Creativity and enterprise can flourish even in captivity. These are not caged by four walls. The mind and spirit are always free to explore avenues beyond the surroundings. Furniture, multi-purpose bags, kitchen apparel, storybooks, wall hanging storage for children to packaged ready-to-eat food… these are not things you would generally associate with jail inmates. But the recent ‘Jail Se’ exhibition mounted by the NID in collaboration with the Gujarat State Prison Department (Sabarmati Central Jail) showed that there is more to the identity of jail inmates than their crimes.
The initiative was brought together by the post-graduate students of Furniture and Interior design at the NID and was guided by associate senior faculty Pravin Sinh Solanki. It was created under the aegis of ‘Guj Pride’—a state government-led organisation to encourage employment of the central jail inmates through various approaches such as baking, textiles, weaving furniture, and binding press. All the products at the ‘Jail Se’ exhibition were developed by prison inmates with some professional help and guidance from the NID team.
Talking to Vibes of India, Deva, a student of NID, shared his experience of visiting jails as part of the collaboration. “The reel life had created an image of an incarcerated man like someone to be scared of. But when we entered the prison premises we realised that the inmates were just like common people. Sure they had made a mistake or two, but they too yearned for a second chance in life. They craved an identity beyond that of a prisoner and wanted to showcase their skills to the outer world. Don’t we all deserve a second chance when we falter?” he asked.

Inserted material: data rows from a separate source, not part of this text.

lemma card_fixed_frobenius:
  assumes "prime_power q" "card (UNIV :: 'a::{field,finite} set) = q ^ 3"
  shows "card {x::'a. x ^ q = x} = q"
proof -
  interpret order3_automorphism "\<lambda>x::'a. x ^ q"
    using order3_automorphism_frobenius assms .
  have "q > 1"
    using prime_power_gt_1 assms(1) .
  have "{x::'a. x ^ q = x} = {x. x ^ q + poly [:0, -1:] x = 0}"
    by simp
  then have upper: "card {x::'a. x ^ q = x} \<le> q"
    using card_roots_monic_le[of "[:0, -1:]" q] \<open>q > 1\<close> by simp
  define P where "P = Polynomial.monom (1::'a) q + [:0, 1:]"
  have "degree P = q"
    unfolding P_def using \<open>q > 1\<close> by (simp add: degree_add_eq_left degree_monom_eq)
  then have "card {y. y ^ (q * q) + poly P y = 0} \<le> q * q"
    using card_roots_monic_le[of P "q * q"] \<open>q > 1\<close> by simp
  moreover have "{y. Tr y = 0} = {y. y ^ (q * q) + poly P y = 0}"
    by (auto simp: P_def Tr_def poly_monom power_mult algebra_simps)
  ultimately have "card {y. Tr y = 0} \<le> q * q"
    by simp
  have "q * (q * q) \<le> card {x::'a. x ^ q = x} * card {y. Tr y = 0}"
    using card_UNIV_le_card_fixed_times_card_Tr_kernel assms(2) by (simp add: power3_eq_cube)
  also have "\<dots> \<le> card {x::'a. x ^ q = x} * (q * q)"
    using \<open>card {y. Tr y = 0} \<le> q * q\<close> by (rule mult_le_mono2)
  finally have "q \<le> card {x::'a. x ^ q = x}"
    using \<open>q > 1\<close> by simp
  then show ?thesis
    using upper by simp
qed

theorem proposition4p6:
  fixes q :: nat
  assumes "prime_power q" and "q > 10"
    and "card (UNIV :: 'a::{field,finite} set) = q ^ 3"
  shows "\<exists>(\<alpha>::'a) f. \<alpha> \<notin> base_subfield q \<and> fq_linear_functional q f \<and>
           (let \<beta> = (1::'a) in
              f (\<alpha> / \<beta>) \<noteq> 1 \<and>
              (\<forall>k \<in> base_subfield q.
                 k \<noteq> f (\<alpha>^2 / \<beta>) + (f (\<beta>^2 / (\<alpha> + k)) + k) * f (\<alpha> / \<beta>)
                      + k * f (\<beta>^2 / (\<alpha> + k)) * f (1 / \<beta>)))"
proof -
  interpret order3_automorphism "\<lambda>x::'a. x ^ q"
    using order3_automorphism_frobenius assms(1,3) .
  have card_fixed: "card {x::'a. x ^ q = x} = q"
    using card_fixed_frobenius assms(1,3) .
  have "q < q ^ 3"
    using power_strict_increasing[of 1 3 q] assms(2) by simp
  then have "{x::'a. x ^ q = x} \<noteq> UNIV"
    using card_fixed assms(3) by auto
  then obtain \<alpha> :: 'a where \<alpha>: "\<alpha> ^ q \<noteq> \<alpha>"
    by blast
  interpret order3_automorphism_nonfixed "\<lambda>x::'a. x ^ q" \<alpha>
    using \<alpha> by unfold_locales
  obtain f where "fixed_linear f" "f \<alpha> \<noteq> 1"
    "\<forall>k. k ^ q = k \<longrightarrow> k \<noteq> f (\<alpha>\<^sup>2) + (f (1 / (\<alpha> + k)) + k) * f \<alpha> + k * f (1 / (\<alpha> + k)) * f 1"
    using ex_fixed_linear_avoiding_fixed_points card_fixed assms(2) by auto
  moreover have "fixed_linear f \<longleftrightarrow> fq_linear_functional q f"
    unfolding fixed_linear_def fq_linear_functional_def base_subfield_def by simp
  ultimately show ?thesis
    using \<alpha> unfolding base_subfield_def Let_def by (intro exI[of _ \<alpha>] exI[of _ f]) auto
qed

end
(* Let $N\ge3$, $G\in\mathcal G_3(N)$ and $u\in V(G)$. Then $u$ is not a leaf of $G$ if and only if $c(G|s)=\infty$ for every state $s=(x^1,\dots,x^{N-1},u,N)\in S^N\cap S_{nc}$ (robber on $u$, robber to move).
   Context: Board and moves: $G=(V,E)$ finite, simple, connected, undirected. There are $N\ge3$ tokens, cops $C_1,\dots,C_{N-1}$ (tokens $1,\dots,N-1$) and robber $R$ (token $N$). A state is $s=(x^1,\dots,x^N,n)$ with $x^i\in V$ the position of token $i$ and $n$ the token to move; $S^n$ is the set of states with token $n$ to move; $s$ is a capture state if $x^i=x^N$ for some $i\le N-1$, and $S_{nc}$ is the set of noncapture states. In each turn the token to move moves to a vertex of its closed neighbourhood (may stay put); order $C_1,\dots,C_{N-1},R,C_1,\dots$; the game ends at the first capture. The modified cops-and-robber (CR) game is the two-player zero-sum game where one player controls all cops, the other the robber, and if capture occurs at time $t$ (number of turns) the robber's payoff is $-\gamma^t$ ($0$ if never), $\gamma\in(0,1)$. $\widehat\Sigma^n$ denotes the set of pure positional strategies of token $n$ that are components of optimal strategies in this game (CR-optimal strategies). For $s\in S_{nc}$, whenever CR-optimal play from $s$ leads to capture, it is always the same cop, denoted $\widehat C(s)$, that effects it. State cop number. For $s\in S_{nc}$, $c(G|s)=c_N(G|s)$ is the minimum $k\in\{1,\dots,N-1\}$ for which there exist $k$ cops and strategies for them such that, starting from $s$, a capture (by any cop) occurs whatever the other $N-k$ tokens (including $R$) do; $c(G|s)=\infty$ if no such $k$ exists. $c(G)$ is the classical cop number of $G$. Graph classes. $\mathcal G(N)=\{G: c(G)>N-1\}$; $\mathcal G_1(N)=\{G\in\mathcal G(N):\exists s\in S_{nc}\text{ with } c(G|s)\in\{2,\dots,N-1\}\}$; $\mathcal G_1'(N)=\mathcal G(N)\setminus\mathcal G_1(N)$; $\mathcal G_2(N)=\{G\in\mathcal G(N): c(G|s)=\infty\text{ for all } s\in S^N\cap S_{nc}\}$; $\mathcal G_2'(N)=\mathcal G_1'(N)\setminus\mathcal G_2(N)$. Say that a state $s\in S_{nc}$ with $c(G|s)=1$ and $\widehat C(s)=C_m$ has the sure-capture property if for every $\widehat\sigma^m\in\widehat\Sigma^m$ and every strategy profile $\sigma^{-m}$ of the other tokens, play from $s$ under $(\widehat\sigma^m,\sigma^{-m})$ ends in a capture in which $C_m$ is on the robber's vertex. $\mathcal G_3(N)$ is the set of $G\in\mathcal G_2'(N)$ in which every $s\in S_{nc}$ with $c(G|s)=1$ has the sure-capture property. *)

theory Defs
  imports Main "HOL-Library.Extended_Nat"
begin

definition simple_conn_graph :: "'v set \<Rightarrow> ('v \<Rightarrow> 'v \<Rightarrow> bool) \<Rightarrow> bool" where
  "simple_conn_graph V E \<longleftrightarrow> finite V \<and> V \<noteq> {} \<and>
     (\<forall>x y. E x y \<longrightarrow> x \<in> V \<and> y \<in> V) \<and>
     (\<forall>x y. E x y \<longrightarrow> E y x) \<and> (\<forall>x. \<not> E x x) \<and>
     (\<forall>x\<in>V. \<forall>y\<in>V. E\<^sup>*\<^sup>* x y)"

definition cnbhd :: "('v \<Rightarrow> 'v \<Rightarrow> bool) \<Rightarrow> 'v \<Rightarrow> 'v set" where
  "cnbhd E x = insert x {y. E x y}"

definition is_leaf :: "('v \<Rightarrow> 'v \<Rightarrow> bool) \<Rightarrow> 'v \<Rightarrow> bool" where
  "is_leaf E u \<longleftrightarrow> card {v. E u v} = 1"

text \<open>k cops: cops place first (c0), the robber then places anywhere, then alternately all
  cops move simultaneously (history dependent strategy sigma) and the robber moves.\<close>

definition cops_win :: "'v set \<Rightarrow> ('v \<Rightarrow> 'v \<Rightarrow> bool) \<Rightarrow> nat \<Rightarrow> bool" where
  "cops_win V E k \<longleftrightarrow>
    (\<exists>c0 (\<sigma> :: ('v list \<times> 'v) list \<Rightarrow> 'v list).
       length c0 = k \<and> set c0 \<subseteq> V \<and>
       (\<forall>h. h \<noteq> [] \<longrightarrow> length (\<sigma> h) = length (fst (last h)) \<and>
             (\<forall>i < length (\<sigma> h). \<sigma> h ! i \<in> cnbhd E (fst (last h) ! i))) \<and>
       (\<forall>q :: nat \<Rightarrow> 'v list \<times> 'v.
          fst (q 0) = c0 \<and> snd (q 0) \<in> V \<and>
          (\<forall>t. fst (q (Suc t)) = \<sigma> (map q [0..<Suc t]) \<and>
               snd (q (Suc t)) \<in> cnbhd E (snd (q t)))
          \<longrightarrow> (\<exists>t. snd (q t) \<in> set (fst (q t)) \<or> snd (q t) \<in> set (fst (q (Suc t))))))"

definition cop_number :: "'v set \<Rightarrow> ('v \<Rightarrow> 'v \<Rightarrow> bool) \<Rightarrow> nat" where
  "cop_number V E = (LEAST k. cops_win V E k)"

text \<open>A state is (xs, n): xs ! (i-1) is the position of token i (i = 1..N), n the token to move.
  Tokens 1..N-1 are the cops, token N is the robber.\<close>

type_synonym 'v state = "'v list \<times> nat"

definition pos :: "'v state \<Rightarrow> nat \<Rightarrow> 'v" where
  "pos s i = fst s ! (i - 1)"

definition turn :: "'v state \<Rightarrow> nat" where
  "turn s = snd s"

definition valid_state :: "'v set \<Rightarrow> nat \<Rightarrow> 'v state \<Rightarrow> bool" where
  "valid_state V N s \<longleftrightarrow> length (fst s) = N \<and> set (fst s) \<subseteq> V \<and> snd s \<in> {1..N}"

definition is_capture :: "nat \<Rightarrow> 'v state \<Rightarrow> bool" where
  "is_capture N s \<longleftrightarrow> (\<exists>i\<in>{1..N-1}. pos s i = pos s N)"

definition S_nc :: "'v set \<Rightarrow> nat \<Rightarrow> 'v state set" where
  "S_nc V N = {s. valid_state V N s \<and> \<not> is_capture N s}"

definition S_turn :: "'v set \<Rightarrow> nat \<Rightarrow> nat \<Rightarrow> 'v state set" where
  "S_turn V N n = {s. valid_state V N s \<and> turn s = n}"

definition nxt :: "nat \<Rightarrow> nat \<Rightarrow> nat" where
  "nxt N n = n mod N + 1"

While the craving for an identity as a skilled person was there in most of the inmates, it was a task for the NID team to zero in on how best to showcase them. The team studied the various machines and materials used by the jail inmates and tried to gauge their skills while merging them with available resources.
There were many items being produced within the jail premises by the inmates. But due to poor packaging and lack of proper hygiene, these were not attractive enough to be able to reach an appreciative market. To fix the lacunae, the NID team designed a logo along with proper packaging that would present the items manufactured by the inmates professionally to people.
Aashish Khaire, a final year post-graduate design student of NID, who created the ‘square chair’ as part of the exhibition, talked to Vibes of India about overcoming hurdles while helping the inmates. “Furniture manufacture generally requires highly skilled labour because the designs are not easy. Needless to say, the furniture manufacturing unit in the jail was the least appealing to the inmates. We tackled the issue by guiding unskilled inmates to produce furniture with minimal training. We made use of simple ways of cutting and drilling that eliminated the need for skilled training. And we achieved this by using the available machines in the jail. Even the canvas backrest and seating of the chair was created by the inmates,” he said.
As they say, if you put your mind to it, nothing is really impossible.